- Required action:
Copy the data exactly from the line that contains "inverse lam * vtx" through the line that contains "using gam_def i by auto", keeping both end lines and leaving out everything else.

□ □ □

lemma prod_neg_powers_primitive_root:
  fixes w :: "'k::field"
  assumes r: "0 < r" and root: "w ^ r = 1" and prim: "\<forall>k. 0 < k \<and> k < r \<longrightarrow> w ^ k \<noteq> 1"
  shows "(\<Prod>l<r. - (w ^ l)) = -1"
proof -
  have "(\<Prod>l<r. - (w ^ l)) = (\<Prod>l<r. (-1) * w ^ l)" by simp
  also have "\<dots> = (\<Prod>l<r. (-1::'k)) * (\<Prod>l<r. w ^ l)" by (rule prod.distrib)
  also have "(\<Prod>l<r. (-1::'k)) = (-1) ^ r" by simp
  also have "(\<Prod>l<r. w ^ l) = w ^ (\<Sum>l<r. l)" by (rule power_sum[symmetric])
  finally have eq0: "(\<Prod>l<r. - (w ^ l)) = (-1) ^ r * w ^ (\<Sum>l<r. l)" .
  have gauss: "(\<Sum>l<r. l) * 2 + r = r * r" for r :: nat
    by (induction r) (simp_all add: algebra_simps)
  define S where "S = (\<Sum>l<r. l)"
  have gS: "S * 2 + r = r * r" unfolding S_def by (rule gauss)
  show ?thesis
  proof (cases "even r")
    case True
    then obtain s where s: "r = 2 * s" by blast
    have s0: "0 < s" "s < r" using r s by auto
    have "(w ^ s) ^ 2 = 1" using root s by (simp add: power_mult[symmetric] mult.commute)
    then have "w ^ s = 1 \<or> w ^ s = -1" by (simp add: power2_eq_1_iff)
    then have ws: "w ^ s = -1" using prim s0 by blast
    obtain t where t: "s = Suc t" using s0 gr0_implies_Suc by blast
    have "S = s * (r - 1)" using gS s t by (simp add: algebra_simps)
    then have "w ^ S = (-1) ^ (r - 1)" using ws by (simp add: power_mult)
    moreover have "odd (r - 1)" using True r by simp
    ultimately show ?thesis using eq0 True S_def by simp
  next
    case False
    have "even (r - 1)" using False r by simp
    then obtain s where s: "r - 1 = 2 * s" by blast
    have "S = r * s" using gS s r by (cases r) (simp_all add: algebra_simps)
    then have "w ^ S = 1" using root by (simp add: power_mult)
    then show ?thesis using eq0 False S_def by simp
  qed
qed


section \<open>Rotation actions\<close>

locale rotation_action =
  fixes lam :: "'k::field" and r m n d :: nat
    and G X :: "(qpath \<Rightarrow> 'k) \<Rightarrow> (qpath \<Rightarrow> 'k)"
    and mu mus gam :: "nat \<Rightarrow> 'k"
  assumes r_gt: "r > 1"
    and lam_root: "lam ^ r = 1" and lam_prim: "\<forall>k. 0 < k \<and> k < r \<longrightarrow> lam ^ k \<noteq> 1"
    and n_ge: "n \<ge> 3" and d_pos: "0 < d" and d_less: "d < n"
    and modalg: "taft_module_algebra n lam m r G X"
    and mu_nz: "\<forall>i<n. mu i \<noteq> 0" and mus_nz: "\<forall>i<n. mus i \<noteq> 0"
    and G_vtx: "\<forall>i<n. G (vtx i) = vtx ((i + d) mod n)"
    and G_arr: "\<forall>i<n. G (arr i) = (\<lambda>p. mu i * arr ((i + d) mod n) p)"
    and G_arrs: "\<forall>i<n. G (arrs n i) = (\<lambda>p. mus i * arrs n ((i + d) mod n) p)"
    and X_vtx: "\<forall>i<n. X (vtx i) \<in> span_V n"
    and X_arr: "\<forall>i<n. X (arr i) \<in> span_VA n \<and> X (arrs n i) \<in> span_VA n"
    and gam_def: "\<forall>i<n. X (vtx i) = (\<lambda>p. gam i * vtx i p - gam i * inverse lam * vtx ((i + d) mod n) p)"
    and gam_nz: "\<exists>j<n. gam j \<noteq> 0"
begin

lemma n_pos: "0 < n" using n_ge by simp
lemma d_le_n: "d \<le> n" using d_less by simp

sublocale G_lin: pa_linear n G
  using modalg unfolding taft_module_algebra_def by unfold_locales auto
sublocale X_lin: pa_linear n X
  using modalg unfolding taft_module_algebra_def by unfold_locales auto

lemma G_mult: "f \<in> PA n \<Longrightarrow> h \<in> PA n \<Longrightarrow> G (pmul n f h) = pmul n (G f) (G h)"
  using modalg unfolding taft_module_algebra_def by blast
lemma X_mult: "f \<in> PA n \<Longrightarrow> h \<in> PA n \<Longrightarrow> X (pmul n f h) = (\<lambda>p. pmul n f (X h) p + pmul n (X f) (G h) p)"
  using modalg unfolding taft_module_algebra_def by blast
lemma G_X_commute: "f \<in> PA n \<Longrightarrow> G (X f) = (\<lambda>p. lam * X (G f) p)"
  using modalg unfolding taft_module_algebra_def by blast
lemma X_nilpotent: "f \<in> PA n \<Longrightarrow> (X ^^ r) f = (\<lambda>_. 0)"
  using modalg unfolding taft_module_algebra_def by blast

lemma lam_nz: "lam \<noteq> 0"
  using lam_root r_gt by (cases "lam = 0") (simp_all add: zero_power)

lemma rotate_ne: "j < n \<Longrightarrow> (j + d) mod n \<noteq> j"
proof
  assume j: "j < n" and e: "(j + d) mod n = j"
  have "n dvd (j + d) - j" using e mod_eq_dvd_iff_nat[of j "j + d" n] j by simp
  then have "n dvd d" by simp
  then show False using d_pos d_less by (simp add: nat_dvd_not_less)
qed

lemma X_vtx_apply: "i < n \<Longrightarrow> X (vtx i) (v, as) =
   (if as = [] then (if v = i then gam i else 0) - (if v = (i + d) mod n then gam i * inverse lam else 0) else 0)"
  using gam_def by (auto simp: vtx_apply)

lemma gam_rotate: assumes i: "i < n" shows "gam ((i + d) mod n) = inverse lam * gam i"
proof -
  let ?j = "(i + d) mod n"
  have jn: "?j < n" using n_pos by simp
  have PAi: "vtx i \<in> PA n" "vtx ?j \<in> PA n" using i jn by (auto intro: vtx_PA)
  have e1: "X (vtx i) = (\<lambda>p. gam i * vtx i p + (- (gam i * inverse lam)) * vtx ?j p)"
    using gam_def i by auto
  have "G (X (vtx i)) = (\<lambda>p. gam i * G (vtx i) p + (- (gam i * inverse lam)) * G (vtx ?j) p)"
    unfolding e1 by (rule G_lin.map_lincomb2[OF PAi])
  also have "\<dots> = (\<lambda>p. gam i * vtx ?j p + (- (gam i * inverse lam)) * vtx ((?j + d) mod n) p)"
    using G_vtx i jn by simp
  finally have L: "G (X (vtx i)) (?j, []) = gam i"
    using rotate_ne[OF jn] by (simp add: vtx_apply)
  have "G (X (vtx i)) = (\<lambda>p. lam * X (G (vtx i)) p)" using G_X_commute PAi by blast
  then have "G (X (vtx i)) (?j, []) = lam * X (vtx ?j) (?j, [])" using G_vtx i by simp
  also have "\<dots> = lam * gam ?j" using X_vtx_apply[OF jn] rotate_ne[OF jn] by simp
  finally have "gam i = lam * gam ?j" using L by simp
  then show ?thesis using lam_nz by (simp add: field_simps)
qed

lemma gam_orbit: "j < n \<Longrightarrow> gam ((j + l * d) mod n) = inverse lam ^ l * gam j"
proof (induction l)
  case 0 then show ?case by simp
next
  case (Suc l)
  have "gam ((j + Suc l * d) mod n) = gam (((j + l * d) mod n + d) mod n)" by (simp only: orbit_Suc)
  also have "\<dots> = inverse lam * gam ((j + l * d) mod n)" using gam_rotate n_pos by simp
  finally show ?case using Suc by simp
qed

□ □ □

- Finished exercise:
    and gam_def: "\<forall>i<n. X (vtx i) = (\<lambda>p. gam i * vtx i p - gam i * inverse lam * vtx ((i + d) mod n) p)"
    and gam_nz: "\<exists>j<n. gam j \<noteq> 0"
begin

lemma n_pos: "0 < n" using n_ge by simp
lemma d_le_n: "d \<le> n" using d_less by simp

sublocale G_lin: pa_linear n G
  using modalg unfolding taft_module_algebra_def by unfold_locales auto
sublocale X_lin: pa_linear n X
  using modalg unfolding taft_module_algebra_def by unfold_locales auto

lemma G_mult: "f \<in> PA n \<Longrightarrow> h \<in> PA n \<Longrightarrow> G (pmul n f h) = pmul n (G f) (G h)"
  using modalg unfolding taft_module_algebra_def by blast
lemma X_mult: "f \<in> PA n \<Longrightarrow> h \<in> PA n \<Longrightarrow> X (pmul n f h) = (\<lambda>p. pmul n f (X h) p + pmul n (X f) (G h) p)"
  using modalg unfolding taft_module_algebra_def by blast
lemma G_X_commute: "f \<in> PA n \<Longrightarrow> G (X f) = (\<lambda>p. lam * X (G f) p)"
  using modalg unfolding taft_module_algebra_def by blast
lemma X_nilpotent: "f \<in> PA n \<Longrightarrow> (X ^^ r) f = (\<lambda>_. 0)"
  using modalg unfolding taft_module_algebra_def by blast

lemma lam_nz: "lam \<noteq> 0"
  using lam_root r_gt by (cases "lam = 0") (simp_all add: zero_power)

lemma rotate_ne: "j < n \<Longrightarrow> (j + d) mod n \<noteq> j"
proof
  assume j: "j < n" and e: "(j + d) mod n = j"
  have "n dvd (j + d) - j" using e mod_eq_dvd_iff_nat[of j "j + d" n] j by simp
  then have "n dvd d" by simp
  then show False using d_pos d_less by (simp add: nat_dvd_not_less)
qed

lemma X_vtx_apply: "i < n \<Longrightarrow> X (vtx i) (v, as) =
   (if as = [] then (if v = i then gam i else 0) - (if v = (i + d) mod n then gam i * inverse lam else 0) else 0)"
  using gam_def by (auto simp: vtx_apply)

lemma gam_rotate: assumes i: "i < n" shows "gam ((i + d) mod n) = inverse lam * gam i"
proof -
  let ?j = "(i + d) mod n"
  have jn: "?j < n" using n_pos by simp
  have PAi: "vtx i \<in> PA n" "vtx ?j \<in> PA n" using i jn by (auto intro: vtx_PA)
  have e1: "X (vtx i) = (\<lambda>p. gam i * vtx i p + (- (gam i * inverse lam)) * vtx ?j p)"
    using gam_def i by auto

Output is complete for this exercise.